• About this exercise: Your answer is the lines below, exactly, from the one that contains "text \<open>Disintegrability of" through the one that contains "approximation, for all", both included.

• Collected data entries:
(* Let $((\Omega,\mathcal{A}),(\Omega,\mathcal{M}),t)$ be a single player type space and let $P \in \mathrm{pba}(\Omega,\mathcal{A})$ be arbitrary. Then exactly one of the following holds: (1) $P$ is $(\mathcal{M},t)$-disintegrable, i.e. $P(E\cap F)=\int_F t(\cdot,E)\,dP$ for every $E\in\mathcal{A}$ and $F\in\mathcal{M}$; (2) $P$ is a money pump, i.e. there exists $f\in B(\Omega,\mathcal{A})$ with $\int f\,dt(\omega,\cdot)\ge 0$ for all $\omega\in\Omega$ and $\int f\,dP<0$.
   Context: A field on a set $X$ is a collection of subsets of $X$ containing $X$ and closed under complements and finite intersections. For a field $\mathcal{A}$ on $\Omega$, $\mathrm{pba}(\Omega,\mathcal{A})$ denotes the set of finitely additive, nonnegative $P:\mathcal{A}\to\mathbb{R}$ with $P(\Omega)=1$ (probability charges), and $B(\Omega,\mathcal{A})$ denotes the closure in the supremum norm of the linear span of indicator functions of sets in $\mathcal{A}$; such functions have a well-defined integral against every probability charge. A single player type space $((\Omega,\mathcal{A}),(\Omega,\mathcal{M}),t)$ consists of a set $\Omega$, fields $\mathcal{M}\subseteq\mathcal{A}$ on $\Omega$, and a function $t:\Omega\times\mathcal{A}\to[0,1]$ such that (1) $t(\omega,\cdot)\in\mathrm{pba}(\Omega,\mathcal{A})$ for every $\omega$; (2) $t(\cdot,E)\in B(\Omega,\mathcal{M})$ for every $E\in\mathcal{A}$; (3) $t(\omega,E)=1$ whenever $E\in\mathcal{M}$ and $\omega\in E$. *)

theory Defs
  imports Complex_Main "HOL-Library.Indicator_Function"
begin

definition field_on :: "'a set \<Rightarrow> 'a set set \<Rightarrow> bool" where
  "field_on X A \<longleftrightarrow> A \<subseteq> Pow X \<and> X \<in> A \<and> (\<forall>E\<in>A. X - E \<in> A)
     \<and> (\<forall>E\<in>A. \<forall>F\<in>A. E \<inter> F \<in> A)"

definition pba :: "'a set \<Rightarrow> 'a set set \<Rightarrow> ('a set \<Rightarrow> real) \<Rightarrow> bool" where
  "pba \<Omega> A P \<longleftrightarrow> (\<forall>E\<in>A. P E \<ge> 0) \<and> P \<Omega> = 1
     \<and> (\<forall>E\<in>A. \<forall>F\<in>A. E \<inter> F = {} \<longrightarrow> P (E \<union> F) = P E + P F)"

definition simple_fn :: "'a set \<Rightarrow> 'a set set \<Rightarrow> ('a \<Rightarrow> real) \<Rightarrow> bool" where
  "simple_fn \<Omega> A g \<longleftrightarrow> (\<exists>(n::nat) (c::nat \<Rightarrow> real) (E::nat \<Rightarrow> 'a set).
      (\<forall>i<n. E i \<in> A) \<and> (\<forall>\<omega>\<in>\<Omega>. g \<omega> = (\<Sum>i<n. c i * indicator (E i) \<omega>)))"

text \<open>B(\<Omega>,A): closure of the span of indicators in the supremum norm on \<Omega>.\<close>
definition in_B :: "'a set \<Rightarrow> 'a set set \<Rightarrow> ('a \<Rightarrow> real) \<Rightarrow> bool" where
  "in_B \<Omega> A f \<longleftrightarrow> (\<forall>e>0. \<exists>g. simple_fn \<Omega> A g \<and> (\<forall>\<omega>\<in>\<Omega>. \<bar>f \<omega> - g \<omega>\<bar> \<le> e))"

definition simple_integral :: "'a set \<Rightarrow> ('a set \<Rightarrow> real) \<Rightarrow> ('a \<Rightarrow> real) \<Rightarrow> real" where
  "simple_integral \<Omega> P g = (\<Sum>y\<in>g ` \<Omega>. y * P {\<omega>\<in>\<Omega>. g \<omega> = y})"

definition charge_integral :: "'a set \<Rightarrow> 'a set set \<Rightarrow> ('a set \<Rightarrow> real) \<Rightarrow> ('a \<Rightarrow> real) \<Rightarrow> real" where
  "charge_integral \<Omega> A P f = (THE r. \<forall>e>0. \<exists>g. simple_fn \<Omega> A g
      \<and> (\<forall>\<omega>\<in>\<Omega>. \<bar>f \<omega> - g \<omega>\<bar> \<le> e) \<and> \<bar>r - simple_integral \<Omega> P g\<bar> \<le> e)"

definition type_space :: "'a set \<Rightarrow> 'a set set \<Rightarrow> 'a set set \<Rightarrow> ('a \<Rightarrow> 'a set \<Rightarrow> real) \<Rightarrow> bool" where
  "type_space \<Omega> A M t \<longleftrightarrow> field_on \<Omega> A \<and> field_on \<Omega> M \<and> M \<subseteq> A
     \<and> (\<forall>\<omega>\<in>\<Omega>. pba \<Omega> A (t \<omega>))
     \<and> (\<forall>E\<in>A. in_B \<Omega> M (\<lambda>\<omega>. t \<omega> E))
     \<and> (\<forall>E\<in>M. \<forall>\<omega>\<in>E. t \<omega> E = 1)"

definition disintegrable :: "'a set \<Rightarrow> 'a set set \<Rightarrow> 'a set set \<Rightarrow> ('a \<Rightarrow> 'a set \<Rightarrow> real) \<Rightarrow> ('a set \<Rightarrow> real) \<Rightarrow> bool" where
  "disintegrable \<Omega> A M t P \<longleftrightarrow> (\<forall>E\<in>A. \<forall>F\<in>M.
      P (E \<inter> F) = charge_integral \<Omega> A P (\<lambda>\<omega>. indicator F \<omega> * t \<omega> E))"

definition money_pump :: "'a set \<Rightarrow> 'a set set \<Rightarrow> ('a \<Rightarrow> 'a set \<Rightarrow> real) \<Rightarrow> ('a set \<Rightarrow> real) \<Rightarrow> bool" where
  "money_pump \<Omega> A t P \<longleftrightarrow> (\<exists>f. in_B \<Omega> A f
      \<and> (\<forall>\<omega>\<in>\<Omega>. charge_integral \<Omega> A (t \<omega>) f \<ge> 0)
      \<and> charge_integral \<Omega> A P f < 0)"

end

theory Submission
  imports Defs
begin

text \<open>Disintegrability of P gives \<open>\<integral> t(\<cdot>,E) dP = P(E)\<close>, hence
  \<open>\<integral> f dP = \<integral> (\<integral> f dt(\<omega>,\<cdot>)) dP\<close> first for simple f and then, by uniform approximation, for all
  \<open>f \<in> B(\<Omega>,\<A>)\<close>; so a gamble acceptable under every \<open>t(\<omega>,\<cdot>)\<close> cannot lose money under P.
  Conversely, \<open>t(\<omega>,F) = 1\<^sub>F(\<omega>)\<close> for \<open>F \<in> \<M>\<close>, so integrating any \<open>h \<in> B(\<Omega>,\<M>)\<close> against \<open>t(\<omega>,\<cdot>)\<close>
  returns \<open>h(\<omega>)\<close>. Hence \<open>f = 1\<^bsub>E \<inter> F\<^esub> - 1\<^sub>F t(\<cdot>,E)\<close> integrates to 0 under every \<open>t(\<omega>,\<cdot>)\<close>;
  if P is no money pump, both f and \<open>-f\<close> have nonnegative P-integral, so \<open>\<integral> f dP = 0\<close>, which is
  the disintegration identity.\<close>

lemma eq_if_abs_diff_le_mult_epsilon:
  fixes x y K :: real
  assumes K: "0 \<le> K" and le: "\<And>d. 0 < d \<Longrightarrow> \<bar>x - y\<bar> \<le> K * d"
  shows "x = y"
proof -
  have "\<bar>x - y\<bar> \<le> 0 + e" if e: "0 < e" for e
  proof -
    have "\<bar>x - y\<bar> \<le> K * (e / (K + 1))" using le[of "e / (K + 1)"] e K by simp
    also have "\<dots> \<le> e" using e K by (simp add: field_simps)
    finally show ?thesis by simp
  qed
  then have "\<bar>x - y\<bar> \<le> 0" by (rule field_le_epsilon)
  then show ?thesis by simp
qed

lemma abs_lin_comb_le:
  fixes a b x y d :: real
  assumes "\<bar>x\<bar> \<le> d" "\<bar>y\<bar> \<le> d"
  shows "\<bar>a * x + b * y\<bar> \<le> (\<bar>a\<bar> + \<bar>b\<bar>) * d"
proof -
  have "\<bar>a * x + b * y\<bar> \<le> \<bar>a\<bar> * \<bar>x\<bar> + \<bar>b\<bar> * \<bar>y\<bar>"
    using abs_triangle_ineq[of "a * x" "b * y"] by (simp add: abs_mult)
  also have "\<dots> \<le> \<bar>a\<bar> * d + \<bar>b\<bar> * d" using assms by (intro add_mono mult_left_mono) auto
  finally show ?thesis by (simp add: distrib_right)
qed

subsection \<open>Fields of sets\<close>

lemma field_on_subset: "field_on \<Omega> A \<Longrightarrow> E \<in> A \<Longrightarrow> E \<subseteq> \<Omega>"
  unfolding field_on_def by auto

lemma field_on_space: "field_on \<Omega> A \<Longrightarrow> \<Omega> \<in> A"
  unfolding field_on_def by auto

lemma field_on_compl: "field_on \<Omega> A \<Longrightarrow> E \<in> A \<Longrightarrow> \<Omega> - E \<in> A"
  unfolding field_on_def by auto

lemma field_on_Int: "field_on \<Omega> A \<Longrightarrow> E \<in> A \<Longrightarrow> F \<in> A \<Longrightarrow> E \<inter> F \<in> A"
  unfolding field_on_def by auto

lemma field_on_empty: "field_on \<Omega> A \<Longrightarrow> {} \<in> A"
  using field_on_compl[of \<Omega> A \<Omega>] field_on_space[of \<Omega> A] by simp

lemma field_on_Diff:
  assumes "field_on \<Omega> A" "E \<in> A" "F \<in> A"
  shows "E - F \<in> A"
proof -
  have "E - F = E \<inter> (\<Omega> - F)" using field_on_subset[OF assms(1,2)] by auto
  then show ?thesis using assms by (simp add: field_on_compl field_on_Int)
qed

• Written solution:
text \<open>Disintegrability of P gives \<open>\<integral> t(\<cdot>,E) dP = P(E)\<close>, hence
  \<open>\<integral> f dP = \<integral> (\<integral> f dt(\<omega>,\<cdot>)) dP\<close> first for simple f and then, by uniform approximation, for all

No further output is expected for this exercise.